This “golfing with monkeys” story is a great metaphor for life. We all want life to go a certain way. And life does not always go the way we want. We make mistakes, we have bad days, other people say or do things we don’t like, and events happen outside of our control that we wish didn’t happen or happened differently. The real issue isn’t whether we can keep life from taking turns we don’t like but rather how we play the game when it does. So when I get a dent in the car, I can keep lamenting to myself that I should have been more careful or that idiot driver shouldn’t have run into me. Or I can really get that the “monkey threw the ball” and my car got dented and now I have a choice. I can play the ball where it is and look to see what action I want to take and choose a way of being that feels good to me (e.g., forgiving) vs. a way of being that does not (e.g., angry and righteous). When I play the ball in front me I am more firmly anchored in the present and better able to create a future I want.
How about you? Where has the monkey thrown the ball in your life? How do you want to respond?

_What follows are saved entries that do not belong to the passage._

lemma knot_y_less_total:
  assumes bo: "beta_order b e A u \<sigma>" and fin: "finite A" and nonneg: "\<forall>a\<in>A. 0 \<le> u a"
    and j: "j < card {a\<in>A. u a \<noteq> 0}"
  shows "knot_y u \<sigma> j < (\<Sum>a\<in>A. u a)"
proof -
  define P where "P = {a\<in>A. u a \<noteq> 0}"
  have "card P \<le> card A"
    unfolding P_def by (rule card_mono[OF fin]) auto
  have "0 < u (\<sigma> j)"
    using beta_order_support_image[OF bo fin nonneg] j nonneg by force
  moreover have "u (\<sigma> j) \<le> (\<Sum>i\<in>{j..<card P}. u (\<sigma> i))"
    using j nonneg beta_order_in[OF bo] \<open>card P \<le> card A\<close> unfolding P_def
    by (intro member_le_sum) auto
  ultimately show ?thesis
    using knot_y_split[of j "card P" u \<sigma>] j beta_order_support(1)[OF bo fin nonneg]
    unfolding P_def by simp
qed

lemma curve_of_less_total:
  assumes bo: "beta_order b e A u \<sigma>" and fin: "finite A" and nonneg: "\<forall>a\<in>A. 0 \<le> u a"
    and "0 \<le> t" and less: "t < partfun b e {a\<in>A. u a \<noteq> 0}"
  shows "curve_of b e A u \<sigma> t < (\<Sum>a\<in>A. u a)"
proof -
  define P where "P = {a\<in>A. u a \<noteq> 0}"
  define S where "S = (\<Sum>a\<in>A. u a)"
  note below = knot_y_less_total[OF bo fin nonneg, folded P_def S_def]
  have "card P \<le> card A"
    unfolding P_def by (rule card_mono[OF fin]) auto
  have tP: "t < knot_x b e \<sigma> (card P)"
    using less beta_order_support(2)[OF bo fin nonneg] P_def by simp
  then have "0 < card A"
    using \<open>0 \<le> t\<close> \<open>card P \<le> card A\<close> by (cases "card P") auto
  moreover have "t \<le> partfun b e A"
    using tP knot_x_mono[OF \<open>card P \<le> card A\<close>, of b e \<sigma>] knot_x_card[OF bo] by simp
  ultimately obtain k l where k: "k < card A" and l: "0 \<le> l" "l \<le> 1"
    and t: "t = (1 - l) * knot_x b e \<sigma> k + l * knot_x b e \<sigma> (Suc k)"
    and curve: "curve_of b e A u \<sigma> t = (1 - l) * knot_y u \<sigma> k + l * knot_y u \<sigma> (Suc k)"
    using curve_of_interpolates_ordered[OF bo _ \<open>0 \<le> t\<close>] by blast
  have "knot_x b e \<sigma> k \<le> knot_x b e \<sigma> (Suc k)"
    by (rule knot_x_mono) simp
  then have "(1 - l) * knot_x b e \<sigma> k + l * knot_x b e \<sigma> k \<le> t"
    unfolding t using l by (intro add_mono mult_left_mono) auto
  then have "knot_x b e \<sigma> k < knot_x b e \<sigma> (card P)"
    using tP by (simp add: algebra_simps)
  then have "k < card P"
    using knot_x_mono[of "card P" k b e \<sigma>] by (meson not_le)
  have "knot_y u \<sigma> (Suc k) \<le> S"
    using knot_y_le_total[OF bo nonneg, of "Suc k"] k S_def by simp
  show ?thesis
  proof (cases "l < 1")
    case True
    then have "(1 - l) * knot_y u \<sigma> k + l * knot_y u \<sigma> (Suc k) < (1 - l) * S + l * S"
      using below[OF \<open>k < card P\<close>] \<open>knot_y u \<sigma> (Suc k) \<le> S\<close> l
      by (intro add_less_le_mono mult_strict_left_mono mult_left_mono) auto
    then show ?thesis
      unfolding curve S_def[symmetric] by (simp add: algebra_simps)
  next
    case False
    then have "l = 1"
      using l by simp
    then have "knot_x b e \<sigma> (Suc k) < knot_x b e \<sigma> (card P)"
      using tP t by simp
    then have "Suc k < card P"
      using knot_x_mono[of "card P" "Suc k" b e \<sigma>] by (meson not_le)
    then show ?thesis
      using below curve \<open>l = 1\<close> S_def by simp
  qed
qed

lemma thermo_curve_obtain_order:
  assumes "finite A"
  obtains \<sigma> where "beta_order b e A u \<sigma>" "thermo_curve b e A u = curve_of b e A u \<sigma>"
  using someI_ex[OF beta_order_exists[OF assms]] that
  unfolding thermo_curve_def by blast

lemma support_nonempty:
  fixes u :: "'a \<Rightarrow> real"
  assumes "(\<Sum>a\<in>A. u a) = 1"
  shows "{a\<in>A. u a \<noteq> 0} \<noteq> {}"
proof
  assume "{a\<in>A. u a \<noteq> 0} = {}"
  then have "(\<Sum>a\<in>A. u a) = 0"
    by (intro sum.neutral) auto
  with assms show False
    by simp
qed

lemma thermo_curve_ge_chord:
  assumes fin: "finite A" and nonneg: "\<forall>a\<in>A. 0 \<le> u a" and mass: "(\<Sum>a\<in>A. u a) = 1"
    and "0 \<le> t" "t \<le> partfun b e A"
  shows "min 1 (t / partfun b e {a\<in>A. u a \<noteq> 0}) \<le> thermo_curve b e A u t"
proof -
  define P where "P = {a\<in>A. u a \<noteq> 0}"
  obtain \<sigma> where \<sigma>: "beta_order b e A u \<sigma>" "thermo_curve b e A u = curve_of b e A u \<sigma>"
    using thermo_curve_obtain_order[OF fin] .
  have "finite P" "card P \<le> card A"
    using fin unfolding P_def by (auto intro: card_mono)
  moreover have "P \<noteq> {}"
    unfolding P_def using support_nonempty[OF mass] .
  ultimately have "0 < card P"
    by (simp add: card_gt_0_iff)
  then show ?thesis
    using curve_of_ge_chord[OF \<sigma>(1) nonneg _ \<open>card P \<le> card A\<close> assms(4,5)]
      beta_order_support[OF \<sigma>(1) fin nonneg] \<sigma>(2) mass unfolding P_def by simp
qed

lemma thermo_curve_less_one:
  assumes fin: "finite A" and nonneg: "\<forall>a\<in>A. 0 \<le> u a" and mass: "(\<Sum>a\<in>A. u a) = 1"
    and "0 \<le> t" "t < partfun b e {a\<in>A. u a \<noteq> 0}"
  shows "thermo_curve b e A u t < 1"
proof -
  obtain \<sigma> where \<sigma>: "beta_order b e A u \<sigma>" "thermo_curve b e A u = curve_of b e A u \<sigma>"
    using thermo_curve_obtain_order[OF fin] .
  show ?thesis
    using curve_of_less_total[OF \<sigma>(1) fin nonneg assms(4,5)] \<sigma>(2) mass by simp
qed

I loved this! Thank you so much for posting it. So appropriate for me at this moment. I like the visual of the monkeys having too much fun to stop playing with the balls. And the humans not finding this amusing.
I like the idea of playing the ball where ever it is dropped. That is a great way to think about the “things” that get “dropped” in our “lap” at different times during the day. Sometimes we initally feel angry or annoyed but creating a small space to think (open v. closed) or (freedom v. stuck), or about the metaphor of monkey’s in this case, allows for choice, freedom and power…yep that’s a new place to be. Of course, this feels better, it usually opens up options we weren’t aware of and it’s a place I want to respond from…more and more often, yes…good stuff.
Wow! This one hits home for me as it relates to my experiences living in Costa Rica. Instead of embracing the culture and the nature that surrounded me (both of which were very present and constant, as are the monkeys in your story) I internally and externally battled both. When we had no running water or electricity, I was angry and upset. Or if we sat in line at the bank only to be told that they were closing early, I would cry and become very impatient with any business transaction that we were trying to conduct there. I was so reactive that I had no energy for creating a solution. Had I recognized that a simple solution would have been acceptance, I could have spent more time enjoying Costa Rica’s beauty and its people.
I am so thankful to have recognized the power of acceptance. I used to think that acceptance was simply rolling over and giving up. Now I understand the opportunities that acceptance has created for me in my life… Freedom, Choice, Joy, and Gratitude.